- The paper introduces a multi-sensor fusion system integrating visible, thermal, and acoustic data to improve real-time drone detection accuracy.
- It employs YOLO v2 for visual detection and MFCC with LSTM classifiers for acoustic analysis to achieve high precision under varying conditions.
- Evaluation demonstrates that sensor fusion reduces false positives and enhances F1-scores, supporting robust security and safety applications.
Real-Time Drone Detection and Tracking With Visible, Thermal, and Acoustic Sensors
Introduction
The proliferation of drones, or UAVs, poses unique challenges and opportunities across various domains. The paper, "Real-Time Drone Detection and Tracking With Visible, Thermal, and Acoustic Sensors" explores an advanced system for the automatic detection and tracking of drones. This multi-sensor system incorporates visible, thermal infrared, and acoustic sensors, addressing the need for robust and efficient detection mechanisms with the potential applications ranging from security enforcement to civilian safety.
System Architecture and Methodology
System Design
The detection system is designed to integrate multiple sensor modalities to improve detection accuracy and reduce false alarms. As outlined in the paper, the system employs a thermal infrared camera, a conventional visible spectrum camera, and an audio sensor. The system is enhanced by employing sensor fusion, which aggregates input from different sensors to produce a more reliable detection outcome. The architecture is illustrated with Figure 1 showing the hardware and software components, underscoring the system's portability and adaptability for various operational scenarios.
Figure 1: Left: system architecture with hardware and software parts. Center: main hardware parts of the detection system. Right: the system deployed just north of the runway at Halmstad airport (IATA/ICAO code: HAD/ESMT).
The system incorporates a pan/tilt platform that allows for dynamic tracking based on sensor input, providing coverage over a large area while maintaining the focus necessary to differentiate drones from other objects. The architecture is designed to support real-time processing, crucial for applications requiring immediate response.
Sensor Modalities
Thermal Infrared and Visible Cameras: The core of the detection capability comes from using thermal and visible cameras. These sensors operate under different lighting and environmental conditions, thus complementing each other's limitations. The system leverages YOLO v2 for real-time object detection across captured frames. The integration of thermal infrared technology is particularly noteworthy, as it allows for effective nighttime operations, addressing gaps commonly present when relying solely on visible spectrum cameras.

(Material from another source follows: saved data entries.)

lemma rectangle_side_irredundant:
  fixes \<alpha>1 \<alpha>2 \<beta>1 \<beta>2 :: real
  assumes order: "\<beta>1 < \<beta>2" "\<beta>2 < \<alpha>1" "\<alpha>1 < \<alpha>2"
    and i: "i \<in> rectangle_sides \<alpha>1 \<alpha>2 \<beta>1 \<beta>2"
  shows "\<exists>x y. snd i * tangent_form (fst i) (sigma_map (x, y)) < 0 \<and>
    (\<forall>j\<in>rectangle_sides \<alpha>1 \<alpha>2 \<beta>1 \<beta>2. j \<noteq> i \<longrightarrow> 0 \<le> snd j * tangent_form (fst j) (sigma_map (x, y)))"
proof -
  note signs = tangent_form_sigma zero_le_mult_iff zero_less_mult_iff mult_le_0_iff mult_less_0_iff
  consider "i = (\<alpha>1, -1)" | "i = (\<beta>2, -1)" | "i = (\<alpha>2, 1)" | "i = (\<beta>1, 1)"
    using i unfolding rectangle_sides_def by blast
  then show ?thesis
  proof cases
    case 1
    show ?thesis using order
      by (intro exI[of _ "(\<beta>2 + \<alpha>1) / 2"] exI[of _ \<beta>2]) (auto simp: rectangle_sides_def 1 signs)
  next
    case 2
    show ?thesis using order
      by (intro exI[of _ \<alpha>1] exI[of _ "(\<beta>2 + \<alpha>1) / 2"]) (auto simp: rectangle_sides_def 2 signs)
  next
    case 3
    show ?thesis using order
      by (intro exI[of _ "\<alpha>2 + 1"] exI[of _ \<beta>2]) (auto simp: rectangle_sides_def 3 signs)
  next
    case 4
    show ?thesis using order
      by (intro exI[of _ \<alpha>1] exI[of _ "\<beta>1 - 1"]) (auto simp: rectangle_sides_def 4 signs)
  qed
qed

lemma sigma_rectangle_facets:
  fixes \<alpha>1 \<alpha>2 \<beta>1 \<beta>2 :: real
  assumes order: "\<beta>1 < \<beta>2" "\<beta>2 < \<alpha>1" "\<alpha>1 < \<alpha>2"
  defines "S \<equiv> sigma_map ` ({\<alpha>1..\<alpha>2} \<times> {\<beta>1..\<beta>2})"
  shows "F facet_of S \<longleftrightarrow> (\<exists>\<gamma>\<in>{\<alpha>1, \<alpha>2, \<beta>1, \<beta>2}. F = S \<inter> {z. tangent_form \<gamma> z = 0})"
proof -
  define I where "I = rectangle_sides \<alpha>1 \<alpha>2 \<beta>1 \<beta>2"
  define a where "a i = lnormal (snd i) (fst i)" for i :: "real \<times> real"
  define b where "b i = snd i * (fst i)\<^sup>2" for i :: "real \<times> real"
  have halfspace: "a i \<bullet> z \<le> b i \<longleftrightarrow> 0 \<le> snd i * tangent_form (fst i) z" for i z
    unfolding a_def b_def by (rule lnormal_halfspace)
  have S: "S = {z. \<forall>i\<in>I. a i \<bullet> z \<le> b i}"
    unfolding S_def sigma_rectangle_eq[OF order] halfspace I_def rectangle_sides_def by auto
  have "\<exists>w. b i < a i \<bullet> w \<and> (\<forall>j\<in>I. j \<noteq> i \<longrightarrow> a j \<bullet> w \<le> b j)" if "i \<in> I" for i
    using rectangle_side_irredundant[OF order, of i] that halfspace unfolding I_def
    by (meson not_le)
  moreover have "a i \<noteq> 0" if "i \<in> I" for i
    using that by (auto simp: I_def rectangle_sides_def a_def lnormal_def zero_prod_def)
  ultimately have "F facet_of S \<longleftrightarrow> (\<exists>i\<in>I. F = S \<inter> {z. a i \<bullet> z = b i})"
    using sigma_rectangle_affine_hull[OF order, folded S_def]
    by (intro facet_of_irredundant_halfspaces[OF _ S]) (auto simp: I_def rectangle_sides_def)
  also have "\<dots> \<longleftrightarrow> (\<exists>\<gamma>\<in>{\<alpha>1, \<alpha>2, \<beta>1, \<beta>2}. F = S \<inter> {z. tangent_form \<gamma> z = 0})"
  proof -
    have "{z. a i \<bullet> z = b i} = {z. tangent_form (fst i) z = 0}" if "i \<in> I" for i
      using that by (auto simp: I_def rectangle_sides_def a_def b_def inner_lnormal)
    then show ?thesis unfolding I_def rectangle_sides_def by auto
  qed
  finally show ?thesis .
qed

lemma normal_to_tangent_segment_iff:
  assumes F: "F \<subseteq> {z. tangent_form \<gamma> z = 0}" and pq: "p \<in> F" "q \<in> F" "p \<noteq> q"
  shows "normal_to n F \<longleftrightarrow> (\<exists>c. c \<noteq> 0 \<and> n = lnormal c \<gamma>)"
proof
  assume n: "normal_to n F"
  have line: "snd p = \<gamma> * fst p - \<gamma>\<^sup>2" "snd q = \<gamma> * fst q - \<gamma>\<^sup>2"
    using F pq unfolding tangent_form_def by auto
  then have "fst p \<noteq> fst q" using pq(3) by (auto simp: prod_eq_iff)
  have "n \<bullet> (p - q) = fst n * (fst p - fst q) + snd n * (snd p - snd q)"
    by (simp add: inner_prod_def algebra_simps)
  also have "\<dots> = (fst p - fst q) * (fst n + \<gamma> * snd n)"
    unfolding line by (simp add: algebra_simps)
  finally have calc: "n \<bullet> (p - q) = (fst p - fst q) * (fst n + \<gamma> * snd n)" .
  have "n \<bullet> (p - q) = 0" using n pq unfolding normal_to_def by blast
  then have "(fst p - fst q) * (fst n + \<gamma> * snd n) = 0" unfolding calc .
  then have "fst n = - \<gamma> * snd n" using \<open>fst p \<noteq> fst q\<close> by simp
  moreover have "n \<noteq> 0" using n unfolding normal_to_def by blast
  ultimately show "\<exists>c. c \<noteq> 0 \<and> n = lnormal c \<gamma>"
    by (intro exI[of _ "- snd n"]) (auto simp: lnormal_def prod_eq_iff)
next
  assume "\<exists>c. c \<noteq> 0 \<and> n = lnormal c \<gamma>"
  then obtain c where "c \<noteq> 0" "n = lnormal c \<gamma>" by blast
  moreover have "lnormal c \<gamma> \<bullet> (x - y) = 0" if "x \<in> F" "y \<in> F" for x y
  proof -
    have "tangent_form \<gamma> x = 0" "tangent_form \<gamma> y = 0" using F that by auto
    then show ?thesis by (simp add: inner_diff_right inner_lnormal)
  qed
  ultimately show "normal_to n F"
    by (auto simp: normal_to_def lnormal_def zero_prod_def)
qed
(* Let $m\ge 1$ and let $X\subset \sqrt{m}\,\mathbb{S}^{m-1}=\{\bm{x}\in\mathbb{R}^m:\bm{x}\cdot\bm{x}=m\}$ be a spherical $2$-design with $|X|=n$ which is an $s$-distance set and whose degree $S$ equals $s$. Let $F_0,\dots,F_s$ be its projection matrices, let $m_s(\bm{x})=n(F_s)_{\bm{x},\bm{x}}$ for $\bm{x}\in X$, and let $q_s$ be the predegree polynomial of degree $s$ of $X$. Then \[ \mathrm{tr}\, F_s=\frac{1}{n}\sum_{\bm{x}\in X} m_s(\bm{x})\le q_s(m), \] and equality holds if and only if $X$ has the structure of a $Q$-polynomial association scheme with respect to the idempotents $F_0,\dots,F_s$.
   Context: Setting: $\bm{x}\cdot\bm{y}$ is the standard inner product on $\mathbb{R}^m$; $X$ is a finite subset of $\sqrt{m}\,\mathbb{S}^{m-1}$ with $n=|X|$. Put $A(X)=\{\bm{x}\cdot\bm{y}:\bm{x},\bm{y}\in X,\ \bm{x}\ne\bm{y}\}$ and $A'(X)=A(X)\cup\{m\}$; $X$ is an $s$-distance set if $|A(X)|=s$. $X$ is a spherical $2$-design if the average of every polynomial of degree at most $2$ over $X$ equals its average over the sphere with respect to the Lebesgue measure (equivalently, $\sum_{\bm{y}\in X}\bm{x}\cdot\bm{y}=0$ and $\frac1n\sum_{\bm{z}\in X}(\bm{x}\cdot\bm{z})(\bm{z}\cdot\bm{y})=\bm{x}\cdot\bm{y}$ for all $\bm{x},\bm{y}\in X$). Functions: $C(X)$ is the space of real functions on $X$ with inner product $(f,g)=\frac1n\sum_{\bm{x}\in X}f(\bm{x})g(\bm{x})$. For $p\in\mathbb{R}[t]$ and $\bm{a}\in X$, $\zeta_{\bm{a}}(p)(\bm{x})=p(\bm{a}\cdot\bm{x})$. $\mathrm{Pol}_0(X)$ = constant functions; $\mathrm{Pol}_1(X)=\mathrm{Span}\{\zeta_{\bm a}(p):\bm a\in X,\deg p\le 1\}$; $\mathrm{Pol}_k(X)=\mathrm{Span}\{fg: f\in\mathrm{Pol}_1(X), g\in\mathrm{Pol}_{k-1}(X)\}$ for $k\ge2$ (equivalently $\mathrm{Pol}_k(X)=\mathrm{Span}\{\zeta_{\bm a}(p):\bm a\in X,\deg p\le k\}$). The degree of $X$ is $S=\min\{i:\mathrm{Pol}_i(X)=C(X)\}$. $\mathrm{Harm}_0(X)=\mathrm{Pol}_0(X)$ and $\mathrm{Harm}_k(X)=\mathrm{Pol}_k(X)\cap\mathrm{Pol}_{k-1}(X)^\perp$ for $k\ge1$. Matrices $M$ indexed by $X\times X$ act on $C(X)$ by $(Mf)(\bm x)=\sum_{\bm y}M_{\bm x,\bm y}f(\bm y)$; $F_i$ ($0\le i\le S$) is the matrix of the orthogonal projection of $C(X)$ onto $\mathrm{Harm}_i(X)$ (the projection matrices of $X$). Gram matrix and polynomials: $G=\frac1n(\bm x\cdot\bm y)_{\bm x,\bm y\in X}$. For a matrix $M$ and $p\in\mathbb{R}[t]$, $p(M^\circ)$ is the matrix obtained by applying $p$ entrywise. For $\alpha\in A'(X)$, $\kappa_\alpha=|\{(\bm x,\bm y)\in X^2:\bm x\cdot\bm y=\alpha\}|$. On $\mathbb{R}[t]/(\prod_{\alpha\in A'(X)}(t-\alpha))$ define $\langle p,q\rangle=\frac1{n^2}\sum_{\alpha\in A'(X)}\kappa_\alpha p(\alpha)q(\alpha)$. The predegree polynomials $q_0,\dots,q_s$ of $X$ are the polynomials with $\deg q_k=k$ and $\langle q_k,q_h\rangle=\delta_{k,h}q_k(m)$. Association schemes: for $\alpha\in A'(X)$ let $R_\alpha=\{(\bm x,\bm y)\in X^2:\bm x\cdot\bm y=\alpha\}$. "$X$ has the structure of a $Q$-polynomial association scheme with respect to the idempotents $F_0,\dots,F_s$" means: $(X,\{R_\alpha\}_{\alpha\in A'(X)})$ is a symmetric association scheme (its adjacency matrices span an algebra closed under matrix multiplication, with the usual axioms), its primitive idempotents are $F_0,\dots,F_s$, and for each $i$ there is a polynomial $v_i^*$ of degree $i$ with $nF_i=v_i^*((nF_1)^\circ)$. *)

theory Defs
  imports "HOL-Analysis.Analysis" "HOL-Computational_Algebra.Polynomial"
begin

text \<open>Points are vectors of type real^'m, so m = CARD('m) >= 1.
  Functions in C(X) are functions real^'m => real vanishing outside X;
  matrices indexed by X x X are functions of two arguments vanishing outside X x X.\<close>

definition inner_set :: "(real^'m) set \<Rightarrow> real set" where
  "inner_set X = {x \<bullet> y | x y. x \<in> X \<and> y \<in> X \<and> x \<noteq> y}"

definition inner_set' :: "(real^'m) set \<Rightarrow> real set" where
  "inner_set' X = insert (real CARD('m)) (inner_set X)"

definition spherical_2_design :: "(real^'m) set \<Rightarrow> bool" where
  "spherical_2_design X \<longleftrightarrow>
     (\<forall>x\<in>X. (\<Sum>y\<in>X. x \<bullet> y) = 0) \<and>
     (\<forall>x\<in>X. \<forall>y\<in>X. (\<Sum>z\<in>X. (x \<bullet> z) * (z \<bullet> y)) / real (card X) = x \<bullet> y)"

definition CX :: "(real^'m) set \<Rightarrow> (real^'m \<Rightarrow> real) set" where
  "CX X = {f. \<forall>x. x \<notin> X \<longrightarrow> f x = 0}"

definition ipX :: "(real^'m) set \<Rightarrow> (real^'m \<Rightarrow> real) \<Rightarrow> (real^'m \<Rightarrow> real) \<Rightarrow> real" where
  "ipX X f g = (\<Sum>x\<in>X. f x * g x) / real (card X)"

text \<open>Pol_k(X) = span of the functions zeta_a(p), a in X, deg p <= k (restricted to X).
  A finite linear combination of such functions can be grouped by the point a, and
  a linear combination of polynomials of degree <= k has degree <= k, so the span
  is exactly the set below.\<close>
definition PolX :: "(real^'m) set \<Rightarrow> nat \<Rightarrow> (real^'m \<Rightarrow> real) set" where
  "PolX X k = {f. \<exists>p :: real^'m \<Rightarrow> real poly. (\<forall>a. degree (p a) \<le> k) \<and>
       (\<forall>x. f x = (if x \<in> X then (\<Sum>a\<in>X. poly (p a) (a \<bullet> x)) else 0))}"

definition HarmX :: "(real^'m) set \<Rightarrow> nat \<Rightarrow> (real^'m \<Rightarrow> real) set" where
  "HarmX X k = (if k = 0 then PolX X 0
     else PolX X k \<inter> {f. \<forall>g\<in>PolX X (k - 1). ipX X f g = 0})"

definition design_degree :: "(real^'m) set \<Rightarrow> nat" where
  "design_degree X = (LEAST i. PolX X i = CX X)"

definition mat_app :: "(real^'m) set \<Rightarrow> (real^'m \<Rightarrow> real^'m \<Rightarrow> real) \<Rightarrow> (real^'m \<Rightarrow> real) \<Rightarrow> (real^'m \<Rightarrow> real)" where
  "mat_app X M f = (\<lambda>x. if x \<in> X then (\<Sum>y\<in>X. M x y * f y) else 0)"

definition mat_mult :: "(real^'m) set \<Rightarrow> (real^'m \<Rightarrow> real^'m \<Rightarrow> real) \<Rightarrow> (real^'m \<Rightarrow> real^'m \<Rightarrow> real) \<Rightarrow> (real^'m \<Rightarrow> real^'m \<Rightarrow> real)" where
  "mat_mult X M N = (\<lambda>x y. \<Sum>z\<in>X. M x z * N z y)"

definition is_matX :: "(real^'m) set \<Rightarrow> (real^'m \<Rightarrow> real^'m \<Rightarrow> real) \<Rightarrow> bool" where
  "is_matX X M \<longleftrightarrow> (\<forall>x y. x \<notin> X \<or> y \<notin> X \<longrightarrow> M x y = 0)"

definition proj_matrix :: "(real^'m) set \<Rightarrow> (real^'m \<Rightarrow> real) set \<Rightarrow> (real^'m \<Rightarrow> real^'m \<Rightarrow> real)" where
  "proj_matrix X V = (THE M. is_matX X M \<and>
     (\<forall>f\<in>CX X. mat_app X M f \<in> V \<and>
        (\<forall>g\<in>V. ipX X (\<lambda>x. f x - mat_app X M f x) g = 0)))"

definition projF :: "(real^'m) set \<Rightarrow> nat \<Rightarrow> (real^'m \<Rightarrow> real^'m \<Rightarrow> real)" where
  "projF X i = proj_matrix X (HarmX X i)"

definition traceX :: "(real^'m) set \<Rightarrow> (real^'m \<Rightarrow> real^'m \<Rightarrow> real) \<Rightarrow> real" where
  "traceX X M = (\<Sum>x\<in>X. M x x)"

definition kappa :: "(real^'m) set \<Rightarrow> real \<Rightarrow> nat" where
  "kappa X \<alpha> = card {(x, y). x \<in> X \<and> y \<in> X \<and> x \<bullet> y = \<alpha>}"

definition pred_ip :: "(real^'m) set \<Rightarrow> real poly \<Rightarrow> real poly \<Rightarrow> real" where
  "pred_ip X p q = (\<Sum>\<alpha>\<in>inner_set' X. real (kappa X \<alpha>) * poly p \<alpha> * poly q \<alpha>) / (real (card X))\<^sup>2"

Acoustic Detection: Acoustic sensing plays a vital role in detecting drones, offering a unique angle by leveraging distinct sound signatures produced by drone motors. The system utilizes Mel Frequency Cepstrum Coefficients (MFCC) coupled with LSTM classifiers to effectively distinguish between drone sounds and other potential noise, with demonstrated precision and recall rates significantly improving detection reliability.

Figure 2: Two examples of sensor fusion results.
Results and Analysis
The study details an extensive evaluation of the system's performance through precision, recall, and F1-score metrics across individual sensors and their fused outputs. Notably, the infrared sensor achieves an F1-score of 0.7601, closely matched by the visible camera at 0.7849. The audio classifier outperforms these with an F1-score of 0.9323. These results confirm the efficacy of employing a multi-modal sensing approach in comparison to relying on a single modality.
Figures and evaluations validate the system's robustness across varying environmental conditions and distances. Furthermore, Figure 3 presents a frame-by-frame analysis of detection during active evaluation sessions, highlighting the system's real-time performance and its reduction of false positives through sensor fusion.



Figure 3: Frame-by-frame analysis of drone detection during one evaluation session.
Implications and Future Developments
The implications of this research are profound in enhancing the reliability of drone detection systems for both civilian and security applications. The innovative use of sensor fusion to integrate thermal, visual, and acoustic data offers a more nuanced understanding of the aerial environment, minimizing both false positives and negatives. This approach could be further expanded by incorporating additional sensor types, such as radar or RF detection, to enhance the system's capabilities.
Future work can explore improvements in algorithmic efficiency for real-time processing, enhancements in classifier robustness across diverse operational scenarios, and expansion of the dataset to include more drone models and flight behaviors, thus extending the system's applicability to a broader range of environments.
Conclusion
Overall, the paper provides a comprehensive analysis and validation of a multi-sensor system for effective drone detection. By harnessing the complementary strengths of visible, thermal, and acoustic sensing, and employing sensor fusion techniques, the study sets the foundation for future advancements in drone detection technologies, offering a pathway for developing sophisticated systems capable of tackling the evolving challenges in UAV management and security.
Figure 4: False detections appearing in a ten minutes long section of screen recording from an evaluation session, including the type of object causing the false detection.